## Provided material
lemma merit_actual_vs_model_reduction:
  assumes "\<tau> \<ge> 0"
    and "f (y + s) \<le> f y + g y \<bullet> s + Lg / 2 * (norm s)\<^sup>2"
    and "norm (c (y + s)) \<le> norm (c y + J y *v s) + LJ / 2 * (norm s)\<^sup>2"
  shows "merit f r c \<tau> (y + s) - merit f r c \<tau> y + dq g r c J \<alpha> y s \<tau>
      \<le> 1/2 * (- \<tau> / \<alpha> + \<tau> * Lg + LJ) * (norm s)\<^sup>2"
proof -
  have "\<tau> * f (y + s) \<le> \<tau> * (f y + g y \<bullet> s + Lg / 2 * (norm s)\<^sup>2)"
    using assms(2,1) by (rule mult_left_mono)
  with assms(3) show ?thesis
    unfolding merit_def dq_def by (simp add: algebra_simps)
qed

lemma cauchy_minimizer_norm_le:
  fixes A :: "real^'n^'m"
  assumes "\<beta> \<in> {0..K}" "\<forall>\<beta>'\<in>{0..K}. cauchy_obj A b \<beta> \<le> cauchy_obj A b \<beta>'"
  shows "norm (b + A *v (- (\<beta> *\<^sub>R (transpose A *v b)))) \<le> norm b"
proof -
  have "cauchy_obj A b \<beta> \<le> cauchy_obj A b 0"
    using assms by auto
  then have "(norm (b - \<beta> *\<^sub>R (A *v (transpose A *v b))))\<^sup>2 \<le> (norm b)\<^sup>2"
    unfolding cauchy_obj_def by simp
  then have "norm (b - \<beta> *\<^sub>R (A *v (transpose A *v b))) \<le> norm b"
    by (rule power2_le_imp_le) simp
  moreover have "A *v (- (\<beta> *\<^sub>R (transpose A *v b))) = - (\<beta> *\<^sub>R (A *v (transpose A *v b)))"
    by (metis matrix_vector_mult_scaleR scaleR_minus_left)
  ultimately show ?thesis by simp
qed

lemma tau_update_nonneg:
  assumes "\<tau>prev \<ge> 0" "lin_red \<ge> 0" "\<sigma>c < 1" "\<epsilon>\<tau> < 1"
  shows "tau_update \<sigma>c \<epsilon>\<tau> \<tau>prev D lin_red \<ge> 0"
  using assms unfolding tau_update_def Let_def by (auto intro!: divide_nonneg_pos)

theorem lemma3p5:
  fixes f :: "real^'n \<Rightarrow> real" and g :: "real^'n \<Rightarrow> real^'n"
    and c :: "real^'n \<Rightarrow> real^'m" and J :: "real^'n \<Rightarrow> real^'n^'m"
    and r :: "real^'n \<Rightarrow> real"
    and x v u s :: "nat \<Rightarrow> real^'n" and \<alpha> \<tau> :: "nat \<Rightarrow> real"
    and \<tau>m1 \<kappa>v \<sigma>c \<epsilon>\<tau> \<xi> \<eta> \<sigma>u Lg LJ :: real
    and X :: "(real^'n) set" and k :: nat
  assumes dims: "CARD('m) \<le> CARD('n)"
    \<comment> \<open>problem data\<close>
    and f_deriv: "\<And>y. (f has_derivative (\<lambda>h. g y \<bullet> h)) (at y)"
    and g_cont: "continuous_on UNIV g"
    and c_deriv: "\<And>y. (c has_derivative (\<lambda>h. J y *v h)) (at y)"
    and J_cont: "continuous_on UNIV J"
    and r_convex: "convex_on UNIV r" and r_nonneg: "\<And>y. r y \<ge> 0"
    \<comment> \<open>constants\<close>
    and alpha0: "\<alpha> 0 > 0" and taum1: "\<tau>m1 > 0" and kappa: "\<kappa>v > 0"
    and sc: "0 < \<sigma>c" "\<sigma>c < 1" and et: "0 < \<epsilon>\<tau>" "\<epsilon>\<tau> < 1"
    and xi: "0 < \<xi>" "\<xi> < 1" and eta: "0 < \<eta>" "\<eta> < 1"
    and su: "0 < \<sigma>u" "\<sigma>u \<le> 1/2"
    \<comment> \<open>step 1 (normal step), with no termination\<close>
    and step1: "\<And>i. transpose (J (x i)) *v c (x i) \<noteq> 0 \<Longrightarrow>
        v i \<in> range (\<lambda>y. transpose (J (x i)) *v y)
        \<and> norm (v i) \<le> \<kappa>v * \<alpha> i * norm (transpose (J (x i)) *v c (x i))
        \<and> (\<exists>\<beta>\<in>{0..\<kappa>v * \<alpha> i}.
              (\<forall>\<beta>'\<in>{0..\<kappa>v * \<alpha> i}. cauchy_obj (J (x i)) (c (x i)) \<beta> \<le> cauchy_obj (J (x i)) (c (x i)) \<beta>')
            \<and> norm (c (x i) + J (x i) *v v i)
                \<le> norm (c (x i) + J (x i) *v (- (\<beta> *\<^sub>R (transpose (J (x i)) *v c (x i))))))"
    and step1': "\<And>i. transpose (J (x i)) *v c (x i) = 0 \<Longrightarrow> v i = 0 \<and> c (x i) = 0"
    \<comment> \<open>step 2 (tangential step), with no termination\<close>
    and step2_feas: "\<And>i. J (x i) *v u i = 0"
    and step2_min: "\<And>i w. J (x i) *v w = 0 \<Longrightarrow>
        tan_obj g r (\<alpha> i) (x i) (v i) (u i) \<le> tan_obj g r (\<alpha> i) (x i) (v i) w"
    and step2_s: "\<And>i. s i = v i + u i"
    and step2_nz: "\<And>i. s i \<noteq> 0"
    \<comment> \<open>step 3 (merit parameter update); tau_(-1) is tau_m1\<close>
    and step3: "\<And>i. \<tau> i = tau_update \<sigma>c \<epsilon>\<tau> (if i = 0 then \<tau>m1 else \<tau> (i - 1))
        (Dk g r \<sigma>u (\<alpha> i) (x i) (s i))
        (norm (c (x i)) - norm (c (x i) + J (x i) *v v i))"
    \<comment> \<open>step 4 (acceptance test)\<close>
    and step4: "\<And>i. merit f r c (\<tau> i) (x i + s i)
          \<le> merit f r c (\<tau> i) (x i) - \<eta> * dq g r c J (\<alpha> i) (x i) (s i) (\<tau> i)
        \<Longrightarrow> x (Suc i) = x i + s i \<and> \<alpha> (Suc i) = \<alpha> i"
    and step4': "\<And>i. \<not> merit f r c (\<tau> i) (x i + s i)
          \<le> merit f r c (\<tau> i) (x i) - \<eta> * dq g r c J (\<alpha> i) (x i) (s i) (\<tau> i)
        \<Longrightarrow> x (Suc i) = x i \<and> \<alpha> (Suc i) = \<xi> * \<alpha> i"
    \<comment> \<open>standing assumption\<close>
    and X_open: "open X" and X_convex: "convex X"
    and X_iter: "\<And>i. x i \<in> X" and X_trial: "\<And>i. x i + s i \<in> X"
    and f_bdd: "bdd_below (f ` X)"
    and g_bdd: "bounded (g ` X)"
    and Lg_pos: "Lg > 0"
    and g_lip: "\<And>y z. y \<in> X \<Longrightarrow> z \<in> X \<Longrightarrow> norm (g y - g z) \<le> Lg * norm (y - z)"
    and c_bdd: "bounded (c ` X)"
    and J_bdd: "bounded (J ` X)"
    and LJ_pos: "LJ > 0"
    and J_lip: "\<And>y z. y \<in> X \<Longrightarrow> z \<in> X \<Longrightarrow>
        onorm (\<lambda>h. (J y - J z) *v h) \<le> LJ * norm (y - z)"
    and subgrad_bdd: "\<exists>B. \<forall>y\<in>X. \<forall>z\<in>subgrad r y. norm z \<le> B"
    \<comment> \<open>hypothesis of the lemma\<close>
    and hk: "(1 - \<eta>) * dq g r c J (\<alpha> k) (x k) (s k) (\<tau> k)
        \<ge> 1/2 * (- \<tau> k / \<alpha> k + \<tau> k * Lg + LJ) * (norm (s k))^2"
  shows "merit f r c (\<tau> k) (x k + s k)
          \<le> merit f r c (\<tau> k) (x k) - \<eta> * dq g r c J (\<alpha> k) (x k) (s k) (\<tau> k)
         \<and> x (Suc k) = x k + s k"
proof -
  have lin_red_nonneg: "norm (c (x i) + J (x i) *v v i) \<le> norm (c (x i))" for i
  proof (cases "transpose (J (x i)) *v c (x i) = 0")
    case True
    then show ?thesis using step1' by simp
  next
    case False
    then show ?thesis
      using step1[OF False] cauchy_minimizer_norm_le order_trans by blast
  qed
  have tau_nonneg: "\<tau> i \<ge> 0" for i
  proof (induction i)
    case 0
    show ?case using step3[of 0] tau_update_nonneg taum1 lin_red_nonneg[of 0] sc et by simp
  next
    case (Suc i)
    show ?case using step3[of "Suc i"] tau_update_nonneg Suc lin_red_nonneg[of "Suc i"] sc et by simp
  qed
  have "merit f r c (\<tau> k) (x k + s k) - merit f r c (\<tau> k) (x k) + dq g r c J (\<alpha> k) (x k) (s k) (\<tau> k)
      \<le> 1/2 * (- \<tau> k / \<alpha> k + \<tau> k * Lg + LJ) * (norm (s k))\<^sup>2"
    using tau_nonneg
      lipschitz_gradient_upper_bound[OF f_deriv g_lip X_convex X_iter X_trial]
      lipschitz_jacobian_norm_bound[OF c_deriv J_lip X_convex X_iter X_trial]
    by (rule merit_actual_vs_model_reduction)
  with hk have "merit f r c (\<tau> k) (x k + s k)
      \<le> merit f r c (\<tau> k) (x k) - \<eta> * dq g r c J (\<alpha> k) (x k) (s k) (\<tau> k)"
    by (simp add: algebra_simps)
  with step4 show ?thesis by blast
qed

## What is required
Return, from the material above, every line with the word "UNIV".

## Exercise response
    and g_cont: "continuous_on UNIV g"
    and J_cont: "continuous_on UNIV J"
    and r_convex: "convex_on UNIV r" and r_nonneg: "\<And>y. r y \<ge> 0"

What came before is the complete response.